(DATASET EXCERPTS begins)

lemma qa_holomorphic: "qa holomorphic_on A"
  unfolding qa_def[abs_def] using c0_pos by (intro holomorphic_intros) auto

lemma qa_ka: "norm z < 1 \<Longrightarrow> qa z * ka z = 1"
  unfolding qa_def ka_def using c0_pos den_nonzero by simp

lemma norm_den_sq_minus:
  "(norm (1 - cnj a * z))\<^sup>2 - (norm (a - z))\<^sup>2 = (1 - (norm a)\<^sup>2) * (1 - (norm z)\<^sup>2)"
proof -
  have "complex_of_real ((norm (1 - cnj a * z))\<^sup>2 - (norm (a - z))\<^sup>2) =
        (1 - cnj a * z) * cnj (1 - cnj a * z) - (a - z) * cnj (a - z)"
    by (simp only: of_real_diff complex_norm_square)
  also have "\<dots> = 1 - cnj a * a - cnj z * z + (cnj a * a) * (cnj z * z)"
    by (simp add: algebra_simps)
  also have "\<dots> = complex_of_real ((1 - (norm a)\<^sup>2) * (1 - (norm z)\<^sup>2))"
    by (simp add: cnj_mult_self algebra_simps)
  finally show ?thesis
    by (simp only: of_real_eq_iff)
qed

lemma phi_in_ball: assumes "norm z < 1" shows "norm (phi z) < 1"
proof -
  have "(1 - (norm a)\<^sup>2) * (1 - (norm z)\<^sup>2) > 0"
    using one_minus_norm_a_sq_pos assms by (simp add: abs_square_less_1)
  then have "(norm (a - z))\<^sup>2 < (norm (1 - cnj a * z))\<^sup>2"
    using norm_den_sq_minus[of z] by linarith
  then have "norm (a - z) < norm (1 - cnj a * z)"
    using power_less_imp_less_base by fastforce
  then show ?thesis
    using den_nonzero[OF assms] by (simp add: phi_eq norm_divide divide_less_eq)
qed

lemma den_phi:
  assumes "norm z < 1"
  shows "1 - cnj a * phi z = complex_of_real (1 - (norm a)\<^sup>2) / (1 - cnj a * z)"
proof -
  have "1 - cnj a * phi z = ((1 - cnj a * z) - cnj a * (a - z)) / (1 - cnj a * z)"
    using den_nonzero[OF assms] unfolding phi_eq by (simp add: field_simps)
  also have "(1 - cnj a * z) - cnj a * (a - z) = complex_of_real (1 - (norm a)\<^sup>2)"
    by (simp add: algebra_simps cnj_mult_self)
  finally show ?thesis .
qed

lemma phi_phi: assumes "norm z < 1" shows "phi (phi z) = z"
proof -
  have "a - phi z = z * complex_of_real (1 - (norm a)\<^sup>2) / (1 - cnj a * z)"
    using den_nonzero[OF assms] unfolding phi_eq
    by (simp add: field_simps cnj_mult_self)
  then show ?thesis
    using norm_a_sq_ne_1 den_nonzero[OF assms]
    by (simp add: phi_eq[of "phi z"] den_phi[OF assms])
qed

lemma ka_phi_ka: assumes "norm z < 1" shows "ka (phi z) * ka z = 1"
proof -
  have "ka (phi z) * ka z = complex_of_real (c0\<^sup>2) / complex_of_real ((1 - (norm a)\<^sup>2) ^ \<gamma>)"
    using den_nonzero[OF assms] norm_a_sq_ne_1
    by (simp add: ka_def den_phi[OF assms] power_divide power2_eq_square)
  then show ?thesis
    using one_minus_norm_a_sq_pos norm_a_sq_ne_1 by (simp add: c0_sq)
qed

lemma U_U: assumes "norm z < 1" shows "U (U f) z = f z"
proof -
  have "U (U f) z = f (phi (phi z)) * (ka (phi z) * ka z)"
    unfolding U_def by (simp only: mult.assoc)
  then show ?thesis
    using assms by (simp add: phi_phi ka_phi_ka)
qed

lemma comp_phi_holomorphic:
  assumes "f holomorphic_on ball 0 1" shows "(\<lambda>z. f (phi z)) holomorphic_on ball 0 1"
proof -
  have "phi ` ball 0 1 \<subseteq> ball 0 1"
    using phi_in_ball by auto
  from holomorphic_on_compose_gen[OF phi_holomorphic assms this] show ?thesis
    by (simp add: o_def)
qed

lemma U_holomorphic: assumes "f holomorphic_on ball 0 1" shows "U f holomorphic_on ball 0 1"
  unfolding U_def[abs_def]
  by (intro holomorphic_intros comp_phi_holomorphic assms ka_holomorphic)

text \<open>Cauchy estimates for \<open>u\<close> on the circle of radius \<open>s0\<close>, which \<open>\<phi>\<^sub>\<alpha>\<close> maps into the
  disc of radius \<open>M0 < 1\<close>.\<close>

definition s0 :: real where "s0 = (1 - norm a) / 4"
definition M0 :: real where "M0 = (norm a + s0) / (1 - norm a * s0)"
definition K0 :: real where "K0 = c0 / (1 - norm a) ^ \<gamma>"

lemma s0_pos: "s0 > 0"
  using norm_a_less by (simp add: s0_def)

(DATASET EXCERPTS ends)

• _WHAT THE EXERCISE ASKS_: Exact copies of all the entries above should be returned.

• _TASK SOLUTION_:
lemma qa_holomorphic: "qa holomorphic_on A"
  unfolding qa_def[abs_def] using c0_pos by (intro holomorphic_intros) auto

lemma qa_ka: "norm z < 1 \<Longrightarrow> qa z * ka z = 1"
  unfolding qa_def ka_def using c0_pos den_nonzero by simp

lemma norm_den_sq_minus:
  "(norm (1 - cnj a * z))\<^sup>2 - (norm (a - z))\<^sup>2 = (1 - (norm a)\<^sup>2) * (1 - (norm z)\<^sup>2)"
proof -
  have "complex_of_real ((norm (1 - cnj a * z))\<^sup>2 - (norm (a - z))\<^sup>2) =
        (1 - cnj a * z) * cnj (1 - cnj a * z) - (a - z) * cnj (a - z)"
    by (simp only: of_real_diff complex_norm_square)
  also have "\<dots> = 1 - cnj a * a - cnj z * z + (cnj a * a) * (cnj z * z)"
    by (simp add: algebra_simps)
  also have "\<dots> = complex_of_real ((1 - (norm a)\<^sup>2) * (1 - (norm z)\<^sup>2))"
    by (simp add: cnj_mult_self algebra_simps)
  finally show ?thesis
    by (simp only: of_real_eq_iff)
qed

lemma phi_in_ball: assumes "norm z < 1" shows "norm (phi z) < 1"
proof -
  have "(1 - (norm a)\<^sup>2) * (1 - (norm z)\<^sup>2) > 0"
    using one_minus_norm_a_sq_pos assms by (simp add: abs_square_less_1)
  then have "(norm (a - z))\<^sup>2 < (norm (1 - cnj a * z))\<^sup>2"
    using norm_den_sq_minus[of z] by linarith
  then have "norm (a - z) < norm (1 - cnj a * z)"
    using power_less_imp_less_base by fastforce
  then show ?thesis
    using den_nonzero[OF assms] by (simp add: phi_eq norm_divide divide_less_eq)
qed

lemma den_phi:
  assumes "norm z < 1"
  shows "1 - cnj a * phi z = complex_of_real (1 - (norm a)\<^sup>2) / (1 - cnj a * z)"
proof -
  have "1 - cnj a * phi z = ((1 - cnj a * z) - cnj a * (a - z)) / (1 - cnj a * z)"
    using den_nonzero[OF assms] unfolding phi_eq by (simp add: field_simps)
  also have "(1 - cnj a * z) - cnj a * (a - z) = complex_of_real (1 - (norm a)\<^sup>2)"
    by (simp add: algebra_simps cnj_mult_self)
  finally show ?thesis .
qed

lemma phi_phi: assumes "norm z < 1" shows "phi (phi z) = z"
proof -
  have "a - phi z = z * complex_of_real (1 - (norm a)\<^sup>2) / (1 - cnj a * z)"
    using den_nonzero[OF assms] unfolding phi_eq
    by (simp add: field_simps cnj_mult_self)
  then show ?thesis
    using norm_a_sq_ne_1 den_nonzero[OF assms]
    by (simp add: phi_eq[of "phi z"] den_phi[OF assms])
qed

lemma ka_phi_ka: assumes "norm z < 1" shows "ka (phi z) * ka z = 1"
proof -
  have "ka (phi z) * ka z = complex_of_real (c0\<^sup>2) / complex_of_real ((1 - (norm a)\<^sup>2) ^ \<gamma>)"
    using den_nonzero[OF assms] norm_a_sq_ne_1
    by (simp add: ka_def den_phi[OF assms] power_divide power2_eq_square)
  then show ?thesis
    using one_minus_norm_a_sq_pos norm_a_sq_ne_1 by (simp add: c0_sq)
qed

lemma U_U: assumes "norm z < 1" shows "U (U f) z = f z"
proof -
  have "U (U f) z = f (phi (phi z)) * (ka (phi z) * ka z)"
    unfolding U_def by (simp only: mult.assoc)
  then show ?thesis
    using assms by (simp add: phi_phi ka_phi_ka)
qed

lemma comp_phi_holomorphic:
  assumes "f holomorphic_on ball 0 1" shows "(\<lambda>z. f (phi z)) holomorphic_on ball 0 1"
proof -
  have "phi ` ball 0 1 \<subseteq> ball 0 1"
    using phi_in_ball by auto
  from holomorphic_on_compose_gen[OF phi_holomorphic assms this] show ?thesis
    by (simp add: o_def)
qed

lemma U_holomorphic: assumes "f holomorphic_on ball 0 1" shows "U f holomorphic_on ball 0 1"
  unfolding U_def[abs_def]
  by (intro holomorphic_intros comp_phi_holomorphic assms ka_holomorphic)

text \<open>Cauchy estimates for \<open>u\<close> on the circle of radius \<open>s0\<close>, which \<open>\<phi>\<^sub>\<alpha>\<close> maps into the
  disc of radius \<open>M0 < 1\<close>.\<close>

definition s0 :: real where "s0 = (1 - norm a) / 4"
definition M0 :: real where "M0 = (norm a + s0) / (1 - norm a * s0)"
definition K0 :: real where "K0 = c0 / (1 - norm a) ^ \<gamma>"

lemma s0_pos: "s0 > 0"
  using norm_a_less by (simp add: s0_def)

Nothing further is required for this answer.